Dorie Underwood

Chocolate Milke and Lemonade


This column first appeared in the May issue of Forsyth Family magazine:

As I was growing up, my mother gave me many gifts.

Years before I learned to read, I had my own library card. My mother would take me downtown to the Children’s Room at the public library. We would pick out a pile of books, and, when we came home, she would read them to me. When I turned 5, public-school kindergarten didn’t exist. She organized a kindergarten at the church where my father was the minister. (I spent a fair amount of time in the hall that year because I talked back to her in front of the other kindergarteners.)

Every Sunday, we went to church. After Sunday School, I went to the sanctuary and sat with my mother and younger siblings on the second-row pew. As long as I was quiet during the church service, I could draw or work on holding my breath as long as I possible.

From early on, my mother – and father – included me in the process of making decisions that affected me. Rather than just tell me what was going to happen, we would talk through the pertinent aspects, and they would ask me what I wanted. (When it was hard to figure out the best choice, I would sometimes wish they would just tell me what to do and be done with it.)

At the time, it was just my life, and I didn’t recognize that not every child received such gifts.

I was ever alert, though, to perceived injustices such as the time my mother made me pay for my sister Dawn’s Barbie doll when I smashed it by throwing it down the stairs even though she hadn’t made Dawn pay for my flashlight from the Museum of Science and Industry in Chicago when she broke it. (After I pointed that out, my mother did allow me to deduct the cost of the flashlight from what I owed my sister.)

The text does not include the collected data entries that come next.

lemma sugeno_le_capacity_if_gam_less:
  assumes "is_capacity n mu" and "A \<subseteq> crit n" and "gam n x k A < sugeno n mu (x k)"
  shows "sugeno n mu (x k) \<le> mu A"
proof -
  obtain B where B: "B \<subseteq> crit n" "sugeno n mu (x k) = min (minOn (x k) B) (mu B)"
    using sugeno_attained by blast
  have "B \<subseteq> A"
  proof
    fix j assume "j \<in> B"
    show "j \<in> A"
    proof (rule ccontr)
      assume "j \<notin> A"
      with \<open>j \<in> B\<close> B(1) have "minOn (x k) B \<le> x k j" "x k j \<le> gam n x k A"
        by (auto intro: minOn_le gam_ge finite_subset[OF _ finite_crit])
      with assms(3) B(2) show False
        by linarith
    qed
  qed
  with assms(1,2) have "mu B \<le> mu A"
    by (simp add: capacity_mono)
  with B(2) show ?thesis
    by linarith
qed

subsection \<open>q-minitive capacities\<close>

lemma q_minitive_attained:
  assumes cap: "is_capacity n mu" and qm: "q_minitive n q mu"
    and X: "X \<subseteq> crit n" and less: "mu X < 1"
  obtains Y where "Y \<in> large_proper_supersets n q X" and "mu Y = mu X"
proof (cases "n - q \<le> card X")
  case True
  with X less capacity_crit[OF cap] show ?thesis
    by (intro that[of X]) (auto simp: large_proper_supersets_def)
next
  case False
  define Ys where "Ys = {Y. X \<subset> Y \<and> Y \<subseteq> crit n \<and> n - q \<le> card Y}"
  have min: "mu X = Min (mu ` Ys)"
    using qm X False unfolding q_minitive_def Ys_def by auto
  have "crit n \<in> Ys"
    using X False unfolding Ys_def by auto
  moreover have "finite Ys"
    unfolding Ys_def by (rule finite_subset[of _ "Pow (crit n)"]) auto
  ultimately have "Min (mu ` Ys) \<in> mu ` Ys"
    by (intro Min_in) auto
  with min obtain Y where Y: "Y \<in> Ys" "mu Y = mu X"
    by auto
  with less capacity_crit[OF cap] have "Y \<noteq> crit n"
    by auto
  with Y show ?thesis
    by (intro that[of Y]) (auto simp: Ys_def large_proper_supersets_def)
qed

lemma large_set_below_sugeno:
  assumes cap: "is_capacity n mu" and qm: "q_minitive n q mu"
    and less: "sugeno n mu (x k) < 1"
  obtains A where "A \<subset> crit n" and "n - q \<le> card A"
    and "mu A \<le> sugeno n mu (x k)" and "gam n x k A \<le> sugeno n mu (x k)"
proof -
  define t where "t = sugeno n mu (x k)"
  define A0 where "A0 = {j \<in> crit n. t < x k j}"
  have A0: "A0 \<subseteq> crit n" "finite A0"
    unfolding A0_def by auto
  have "t < minOn (x k) A0"
    using A0 less by (intro minOn_gt) (auto simp: A0_def t_def)
  moreover have "min (minOn (x k) A0) (mu A0) \<le> t"
    unfolding t_def by (rule sugeno_ge[OF A0(1)]) simp_all
  ultimately have mu_A0: "mu A0 \<le> t"
    by linarith
  with less have "mu A0 < 1"
    unfolding t_def by linarith
  with cap qm A0(1) obtain A where A: "A \<in> large_proper_supersets n q A0" "mu A = mu A0"
    by (rule q_minitive_attained)
  then have A_sub: "A0 \<subseteq> A" "A \<subset> crit n" "n - q \<le> card A"
    unfolding large_proper_supersets_def by auto
  then have "crit n - A \<noteq> {}"
    by blast
  with A_sub(1) have "gam n x k A \<le> t"
    by (auto simp: gam_le_iff A0_def)
  with A A_sub mu_A0 show ?thesis
    unfolding t_def by (intro that) auto
qed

It was only as an adult that I began to understand just how much my parents had given me by providing a solid foundation in the life of the spirit, an understanding of the importance of treating others with respect and an underlying sense of being loved. My love of books grew into a desire to write things that others would want to read. Even paying for that blasted Barbie taught me about taking responsibility for my actions.

My mother – Dorothy Louise Parker Underwood – won’t be here Mother’s Day. She died in August, some years after dementia began dismantling her mind.

Even in the depths of dementia, though, she continued to give gifts. Sometimes, we would be riding along in the car, and she would say, “I don’t think I have ever seen such a beautiful spring.” More often than not, my first thought would be, “That’s just because you don’t remember any other spring.” But then I would look around, and I would see, in a way that I wouldn’t have if she hadn’t said something, just how beautiful the world can be.